Hoje, os cineclubes não vão aonde o público está. Herdeiros dessa influência elitista
nem sempre consciente, fixaram-se exclusivamente na postura da exibição “clássica”,
de meados do século passado, e não assimilaram, não se apropriaram de todos os
recursos e oportunidades tecnológicas que atualmente, de fato, compõem uma
realidade diferente. Todas as formas de organização comunitária – no sentido mais
amplo dessa palavra – em torno dos meios audiovisuais, que surgem renovadas,
atualizadas, se desenvolvem praticamente sem ligação com o cineclubismo: coletivos de
hackers, saites, blogues e canais na internet, entre muitas outras. Essa separação,
aliás, também as enfraquece, ao desconhecerem a tradição associativa do cineclubismo
e, frequentemente, a importância do presencial. Mas são os cineclubes que ficaram
parados essencialmente numa postura cinéfila dos anos 50 ou 60: eles são
possivelmente o segmento mais atrasado dentre as novas formas de organização
criadas pelo público para se apropriar do audiovisual. Isto é, dentre as formas de
organização que hoje correspondem às das origens dos cineclubes e à sua finalidade
mais essencial: criar um novo cinema, agora um novo audiovisual. Por outro lado, os
cineclubes têm características, e uma história, uma experiência que lhes são exclusivas.
O que estes traços comunitários têm, por sua vez, em comum, é que acesso,
conhecimento, desfrute, identificação e partilha com outros representam formas de
apropriação do cinema e/ou do audiovisual. Apropriação: tomar posse, ter
integralmente, isto é, poder usar em benefício próprio. Apropriar-se do cinema era o
objetivo que deu origem aos cineclubes: tomá-lo das mãos do capital, do comércio,
para que atendesse a suas necessidades, interesses, e principalmente para que
pudessem se expresssar através do cinema. Lembro o lema do mais que centenário
Cinema do Povo: “Divertir, instruir, emancipar”. Divertir sem alienar; instruir com
informação e cultura, conhecimento construído e compartilhado e não “depositado” na
conta vazia do espectador, como diria Paulo Freire. E, sobretudo, emancipar. E o que
significa emancipar? Emacipação é atingir a maturidade, poder ser autônomo. Ter plena
consciência de sua condição no mundo, como pessoa mas também como grupo, como
comunidade e, num sentido mais amplo como classe social. E, sobre essa consciência,
poder atuar de forma independente, ser sujeito da vida e da história, e não apenas
objeto, consumidor, espectador.
Nesse sentido, algumas práticas e alguns espaços podem ser identificados como esferas
de pertencimento: espaços onde acontece, se constrói, até se sente essa identidade,
essa consciência subjetiva quase palpável. São as comemorações, as festas, os saraus,
alguns sindicatos e outras associações comunitárias, até mesmo certos bares. E
certamente muitos cineclubes. O cinema, a sala de cinema, nunca ou quase nunca
constituiu um desses espaços de convívio realmente integrados à comunidade. As
pessoas vão ao cinema pelos filmes – e esses produzem outro efeito semelhante, a
identificação, de caráter sobretudo individual (e que não vou estender aqui) -, as salas
importam pouco, exceto quanto ao conforto, recursos técnicos e pela pipoca. Alguns
cinemas de arte tinham um pouco essa característica: os famosos templos de cinefilia,
como o Cine Paissandú, no Rio de Janeiro, o Coral ou o Bijou em São Paulo, entre
outros. As pessoas criavam um vínculo com esses espaços, sentiam-se um pouco “em
casa” neless, alguns tinham até seus lugares na terceira fileira...

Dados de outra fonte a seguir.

(* Let $P$ be a finite $(3+1)$-free poset and let $v(P)=\{v(a):a\in P\}$ be its poset of views. Then there is a listing $(S_1,S_2,\dots,S_k)$ of the co-connected components of $v(P)$ such that for every $x\in S_i$ and every $y\in S_{i+1}$ we have $x<y$ in $v(P)$. Moreover, the preimages $v^{-1}(S_i)$, $i=1,\dots,k$, are exactly the tops of tangles, the bottoms of tangles, and the clone sets of $P$.
   Context: A poset $P$ is $(3+1)$-free if there are no $a,b,c,d\in P$ with $a<b<c$ and $d$ incomparable to each of $a,b,c$. For $a\in P$ let $D_a=\{x\in P:x<a\}$, $U_a=\{x\in P:x>a\}$. The view of $a$ is $v(a)=(D_a,P\setminus U_a)$, and the set $v(P)$ of views is partially ordered by $v(a)\le v(b)$ iff $D_a\subseteq D_b$ and $U_a\supseteq U_b$. A co-connected component of a poset is a connected component of its incomparability graph. Write $a\mathrel{\top}b$ if neither of $D_a,D_b$ contains the other, $a\mathrel{\bot}b$ if neither of $U_a,U_b$ contains the other, and $a\approx b$ if $D_a=D_b$ and $U_a=U_b$. A top of a tangle is a subset $A\subseteq P$ with $|A|\ge2$ that is a connected component of the graph on $P$ with edges $\{a,b\}$ for $a\mathrel{\top}b$; a bottom of a tangle is defined in the same way using $\bot$. A top $A$ and bottom $B$ are matched if there are distinct $a_1,a_2\in A$, $b_1,b_2\in B$ with $b_1<a_1$, $b_2<a_2$ and the pairs $\{a_1,a_2\},\{b_1,b_2\},\{b_1,a_2\},\{b_2,a_1\}$ incomparable; in a $(3+1)$-free poset this is a perfect matching between tops and bottoms of tangles, and a tangle is a matched pair $(A,B)$. A clone set of $P$ is an equivalence class of $\approx$ restricted to the vertices of $P$ not lying in any top or bottom of a tangle. *)

theory Defs
  imports Main
begin

text \<open>A finite poset is modelled as a finite subset P of a type with a partial order,
  carrying the induced order.\<close>

definition incomp :: "'a::order \<Rightarrow> 'a \<Rightarrow> bool" where
  "incomp x y \<longleftrightarrow> \<not> x \<le> y \<and> \<not> y \<le> x"

definition three_plus_one_free :: "'a::order set \<Rightarrow> bool" where
  "three_plus_one_free P \<longleftrightarrow>
     \<not> (\<exists>a\<in>P. \<exists>b\<in>P. \<exists>c\<in>P. \<exists>d\<in>P. a < b \<and> b < c \<and>
          incomp d a \<and> incomp d b \<and> incomp d c)"

definition downset :: "'a::order set \<Rightarrow> 'a \<Rightarrow> 'a set" where
  "downset P a = {x \<in> P. x < a}"

definition upset :: "'a::order set \<Rightarrow> 'a \<Rightarrow> 'a set" where
  "upset P a = {x \<in> P. a < x}"

definition view :: "'a::order set \<Rightarrow> 'a \<Rightarrow> 'a set \<times> 'a set" where
  "view P a = (downset P a, P - upset P a)"

text \<open>Order on views: v(a) \<le> v(b) iff D_a \<subseteq> D_b and U_a \<supseteq> U_b,
  i.e. (since the second components are P - U) componentwise inclusion.\<close>
definition view_le :: "'a set \<Rightarrow> 'a set \<times> 'a set \<Rightarrow> 'a set \<times> 'a set \<Rightarrow> bool" where
  "view_le P x y \<longleftrightarrow> fst x \<subseteq> fst y \<and> P - snd x \<supseteq> P - snd y"

definition view_less :: "'a set \<Rightarrow> 'a set \<times> 'a set \<Rightarrow> 'a set \<times> 'a set \<Rightarrow> bool" where
  "view_less P x y \<longleftrightarrow> view_le P x y \<and> x \<noteq> y"

definition components :: "'b set \<Rightarrow> ('b \<Rightarrow> 'b \<Rightarrow> bool) \<Rightarrow> 'b set set" where
  "components V R =
     {{y \<in> V. (x, y) \<in> {(u, w). u \<in> V \<and> w \<in> V \<and> (R u w \<or> R w u)}\<^sup>*} | x. x \<in> V}"

definition view_cocomponents :: "'a::order set \<Rightarrow> ('a set \<times> 'a set) set set" where
  "view_cocomponents P =
     components (view P ` P) (\<lambda>x y. \<not> view_le P x y \<and> \<not> view_le P y x)"

definition top_rel :: "'a::order set \<Rightarrow> 'a \<Rightarrow> 'a \<Rightarrow> bool" where
  "top_rel P a b \<longleftrightarrow> \<not> downset P a \<subseteq> downset P b \<and> \<not> downset P b \<subseteq> downset P a"

definition bot_rel :: "'a::order set \<Rightarrow> 'a \<Rightarrow> 'a \<Rightarrow> bool" where
  "bot_rel P a b \<longleftrightarrow> \<not> upset P a \<subseteq> upset P b \<and> \<not> upset P b \<subseteq> upset P a"

definition tangle_tops :: "'a::order set \<Rightarrow> 'a set set" where
  "tangle_tops P = {A \<in> components P (top_rel P). card A \<ge> 2}"

definition tangle_bottoms :: "'a::order set \<Rightarrow> 'a set set" where
  "tangle_bottoms P = {B \<in> components P (bot_rel P). card B \<ge> 2}"

definition clone_sets :: "'a::order set \<Rightarrow> 'a set set" where
  "clone_sets P =
     (let R = P - \<Union>(tangle_tops P \<union> tangle_bottoms P)
      in R // {(a, b). a \<in> R \<and> b \<in> R \<and> downset P a = downset P b \<and> upset P a = upset P b})"

end

theory Submission
  imports Defs
begin
text \<open>Adjacent swaps push every \<open>s\<close>-subset of \<open>{1..n}\<close> down to \<open>{1..s}\<close>, each step
  lowering \<open>\<Sum>A\<close>.\<close>
lemma card_prefix_abs_perms_eq:
  assumes "s \<le> n" and "A \<subseteq> {1..int n}" and "card A = s"
  shows "card (prefix_abs_perms n s D A) = card (prefix_abs_perms n s D {1..int s})"
  using assms(2,3)
proof (induction "nat (\<Sum>A)" arbitrary: A rule: less_induct)
  case less
  have fin: "finite A" using less.prems(1) finite_subset by blast
  show ?case
  proof (cases "\<exists>a\<in>A. 2 \<le> a \<and> a - 1 \<notin> A")
    case True
    then obtain a where a: "a \<in> A" "2 \<le> a" "a - 1 \<notin> A" by blast
    define A' where "A' = insert (a - 1) (A - {a})"
    have "card (prefix_abs_perms n s D A') = card (prefix_abs_perms n s D A)"
      unfolding A'_def by (rule card_prefix_abs_perms_swap) (use assms(1) a less.prems(1) in auto)
    moreover have "A' \<subseteq> {1..int n}" using less.prems(1) a by (auto simp: A'_def)
    moreover have "card A' = s"
      using fin a less.prems(2) card_gt_0_iff[of A] by (auto simp: A'_def card_insert_if)
    moreover have "nat (\<Sum>A') < nat (\<Sum>A)"
    proof -
      have "\<Sum>A' = \<Sum>A - 1" using fin a by (simp add: A'_def sum_diff1)
      moreover have "0 \<le> \<Sum>(A - {a})" using less.prems(1) by (intro sum_nonneg) auto
      then have "a \<le> \<Sum>A" using fin a sum.remove[OF fin a(1), of id] by simp
      ultimately show ?thesis using a by simp
    qed
    ultimately show ?thesis using less.hyps by metis
  next
    case False
    then have "A = {1..int (card A)}"
      using fin less.prems(1) by (intro pred_closed_eq_atLeastAtMost) auto
    then show ?thesis using less.prems(2) by simp
  qed
qed

lemma card_desc_off_perms:
  assumes "s \<le> n"
  shows "card (desc_off_perms n s D) = (n choose s) * card (prefix_abs_perms n s D {1..int s})"
proof -
  define Subs where "Subs = {A. A \<subseteq> {1..int n} \<and> card A = s}"
  have union: "desc_off_perms n s D = (\<Union>A\<in>Subs. prefix_abs_perms n s D A)"
  proof (intro equalityI subsetI)
    fix w assume w: "w \<in> desc_off_perms n s D"
    then have wsp: "w \<in> signed_perms n" by (simp add: desc_off_perms_def)
    have "(\<lambda>i. \<bar>w i\<bar>) ` {1..int s} \<subseteq> {1..int n}"
      using signed_perms_abs_bounds[OF wsp] assms by force
    moreover have "inj_on (\<lambda>i. \<bar>w i\<bar>) {1..int s}"
      by (rule inj_onI) (use signed_perms_abs_inj[OF wsp] in auto)
    ultimately have "(\<lambda>i. \<bar>w i\<bar>) ` {1..int s} \<in> Subs" by (simp add: Subs_def card_image)
    then show "w \<in> (\<Union>A\<in>Subs. prefix_abs_perms n s D A)"
      using w by (auto simp: prefix_abs_perms_def)
  qed (auto simp: prefix_abs_perms_def)
  have "finite Subs" unfolding Subs_def
    by (rule finite_subset[of _ "Pow {1..int n}"]) auto
  then have "card (desc_off_perms n s D) = (\<Sum>A\<in>Subs. card (prefix_abs_perms n s D A))"
    unfolding union
    by (rule card_UN_disjoint) (use finite_prefix_abs_perms in \<open>auto simp: prefix_abs_perms_def\<close>)
  also have "\<dots> = (\<Sum>A\<in>Subs. card (prefix_abs_perms n s D {1..int s}))"
    by (rule sum.cong) (use card_prefix_abs_perms_eq[OF assms] in \<open>auto simp: Subs_def\<close>)
  also have "card Subs = n choose s"
    unfolding Subs_def using n_subsets[of "{1..int n}" s] by simp
  ultimately show ?thesis by simp
qed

Hoje, mais que nunca, o cineclube tem condição de exercer esse papel – ainda que
tenha um bom caminho a percorrer. Tem essa possibilidade porque, para começar,
representa embrionariamente a superação da divisão de trabalho – e consequente
alienação - criada pelo sistema comercial. A superação da divisão entre produção e
consumo, entre criação e recepção ou entre autor e espectador estão ao alcance com a
revolução digital e a universalização da rede de comunicação autônoma. Podem-se
unificar no cineclube todas as ações separadas pelas formas que priorizam o lucro
privado sobre o valor social real. Hoje, mais do que nunca, é possível visualizar a
integração entre criação, produção, difusão, recepção e preservação num mesmo
espaço - real e virtual - dirigido e controlado pelo público.